# Preprocessing

This part of the tutorial discusses ways to preprocess your original data in order to create the set of edges, and their associated weights or original deviations, needed to create an MDE problem. These preprocessing methods are analogous to feature engineering in machine learning, where raw data are converted to feature vectors. As in feature engineering, the preprocessing can have a strong effect on the final result, i.e., the embedding.

Preprocessing methods can be grouped into two types: those that are based on neighbors of the items, and those that are based on distances between items. The high-level functions `pymde.preserve_neighbors` and `pymde.preserve_distances` (which were used in the Getting Started guide) use neighbor-based and distance-based preprocessing behind-the-scenes, in order to create reasonable MDE problems. But you can just as well preprocess the data yourself, to create custom embeddings.

PyMDE provides a few preprocessing methods for original data that come as a data matrix (one row for each item) or a graph (one node for each item).

## Graph

The preprocessing methods often work with or return `pymde.Graph` instances, which package up a list of edges and their associated weights.

A graph can be created from a weighted adjacency matrix (a scipy.sparse matrix, numpy array, or torch Tensor), or a torch Tensor containing the edges and weights. For example

```adjacency_matrix = sp.csr_matrix(np.array([
[0, 1, 1],
[1, 0, 1],
[1, 1, 0],
]))
```

or

```edges = torch.tensor([
[0, 1],
[0, 2],
[1, 2],
])
weights = torch.ones(edges.shape)
graph = pymde.Graph.from_edges(edges, weights)
```

Given a graph, you can access the edges, weights, and adjacency matrix with

```graph.edges
graph.weights
```

The API documentation describes the `pymde.Graph` class in more detail.
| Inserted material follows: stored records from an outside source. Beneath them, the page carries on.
(* Let $k\ge2$, and let $\mathcal P=\{p_1,\dots,p_{k^2}\}$ be a family of homogeneous real polynomials in the commuting variables $x_1,\dots,x_{2k^2}$ admitting an nc representation $p(X,Y)$ of degree $d>1$. Let $a\ne b$ and suppose $x_i$ is the $(a,a)$ entry of $X$, $x_j$ is the $(a,b)$ entry of $X$, and $x_\ell$ is the $(b,b)$ entry of $X$. If $\varphi(n,0)\ne0$ for some $n\ge2$, then exactly one polynomial of the family contains the monomials $\varphi(n,0)x_i^{n-1}x_j$ and $\varphi(n,0)x_jx_\ell^{n-1}$, and this polynomial is in position $(a,b)$ of the array $p(X,Y)$.
   Context: The family $\mathcal P$ admits an nc representation $p(X,Y)$ if there are $k\times k$ matrices $X,Y$ whose $2k^2$ entries are the variables $x_1,\dots,x_{2k^2}$, each used exactly once, and a noncommutative polynomial $p$ in two letters with real coefficients such that the matrix $p(X,Y)$ is a $k\times k$ array whose entries are $p_1,\dots,p_{k^2}$, each exactly once. $\varphi(i,j)$ is the sum of coefficients of all monomials of $p$ of degree $i$ in $X$ and $j$ in $Y$. *)

theory Defs
  imports Complex_Main "HOL-Library.Poly_Mapping"
begin
(* Let $\mathcal X,\mathcal Y$ be nonempty convex compact sets and $\mathcal L:\mathcal X\times\mathcal Y\to\mathbb R$ a differentiable $(\mu_{\mathcal X},\mu_{\mathcal Y})$-uniformly strongly convex-concave function with saddle point $(x^*,y^* )$. Then for every $z\in\mathcal X\times\mathcal Y$, $$h(z)\le P_{\mathcal L}\sqrt{2w(z)},\qquad\text{and}\qquad P_{\mathcal L}\le\sqrt2\sup_{z\in\mathcal X\times\mathcal Y}\max\left\{\frac{\|\nabla_x\mathcal L(z)\|_{\mathcal X^*}}{\sqrt{\mu_{\mathcal X}}},\frac{\|\nabla_y\mathcal L(z)\|_{\mathcal Y^*}}{\sqrt{\mu_{\mathcal Y}}}\right\}.$$
   Context: Norms $\|\cdot\|_{\mathcal X},\|\cdot\|_{\mathcal Y}$ with dual norms $\|\cdot\|_{\mathcal X^*},\|\cdot\|_{\mathcal Y^*}$. $(\mu_{\mathcal X},\mu_{\mathcal Y})$-uniformly strongly convex-concave ($\mu_{\mathcal X},\mu_{\mathcal Y}>0$): $\mathcal L(\cdot,y)$ is $\mu_{\mathcal X}$-strongly convex w.r.t. $\|\cdot\|_{\mathcal X}$ for every $y$ and $-\mathcal L(x,\cdot)$ is $\mu_{\mathcal Y}$-strongly convex w.r.t. $\|\cdot\|_{\mathcal Y}$ for every $x$. Saddle point: $\mathcal L(x^*,y)\le\mathcal L(x^*,y^* )\le\mathcal L(x,y^* )$ for all $x,y$; $\mathcal L^*:=\mathcal L(x^*,y^* )$. For $z=(x,y)$: $h(z):=\max_{y'}\mathcal L(x,y')-\min_{x'}\mathcal L(x',y)$, $w(z):=\mathcal L(x,y^* )-\mathcal L(x^*,y)$. With $\hat y(x):=\arg\max_{y}\mathcal L(x,y)$ and $\hat x(y):=\arg\min_x\mathcal L(x,y)$: $P_{\mathcal X}:=\sup_{x\ne x^*}\frac{\langle\nabla_x\mathcal L(x,\hat y(x)),x-x^*\rangle}{\sqrt{\mathcal L(x,y^* )-\mathcal L^*}}$, $P_{\mathcal Y}:=\sup_{y\ne y^*}\frac{\langle\nabla_y\mathcal L(\hat x(y),y),y^*-y\rangle}{\sqrt{\mathcal L^*-\mathcal L(x^*,y)}}$, $P_{\mathcal L}:=\max\{P_{\mathcal X},P_{\mathcal Y}\}$. *)

theory Defs
  imports "HOL-Analysis.Analysis"
begin

definition is_norm :: "('a::euclidean_space \<Rightarrow> real) \<Rightarrow> bool" where
  "is_norm N \<longleftrightarrow> (\<forall>u. 0 \<le> N u) \<and> (\<forall>u. N u = 0 \<longleftrightarrow> u = 0)
     \<and> (\<forall>c u. N (c *\<^sub>R u) = \<bar>c\<bar> * N u) \<and> (\<forall>u v. N (u + v) \<le> N u + N v)"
## Neighbor-based preprocessing

### Similar items

A neighbor of an item can be thought of an item that is in some sense similar to it. One class of preprocessing methods computes some neighbors of each item, and uses the pairs of neighbors as edges, associating these edges with positive weights. These weights can then be used to create a distortion function based on weights, using one of the classes in `pymde.penalties`. A common preprocessing step is to compute the `k`-nearest neighbors of each item, where `k` is a parameter.

```knn_graph = pymde.preprocess.k_nearest_neighbors(data, k=10)
```

Preprocessing based on neighbors can be thought of as a “sparsifying” operation: they take data and return a sparse graph (the `knn_graph`).

pymde.preprocess.k_nearest_neighbors(data, k, max_distance=None, verbose=False)

Compute k-nearest neighbors, given data matrix or graph.

This function computes a k-nearest neighbor graph, given either a data matrix or an original graph.

When the input is a data matrix, each row is treated as the feature vector of an item, and the Euclidean distance is used to judge how close two items are to each other.

When the input is a graph, each node is an item, and the distance between two items is taken to be the length of the shortest-path between them.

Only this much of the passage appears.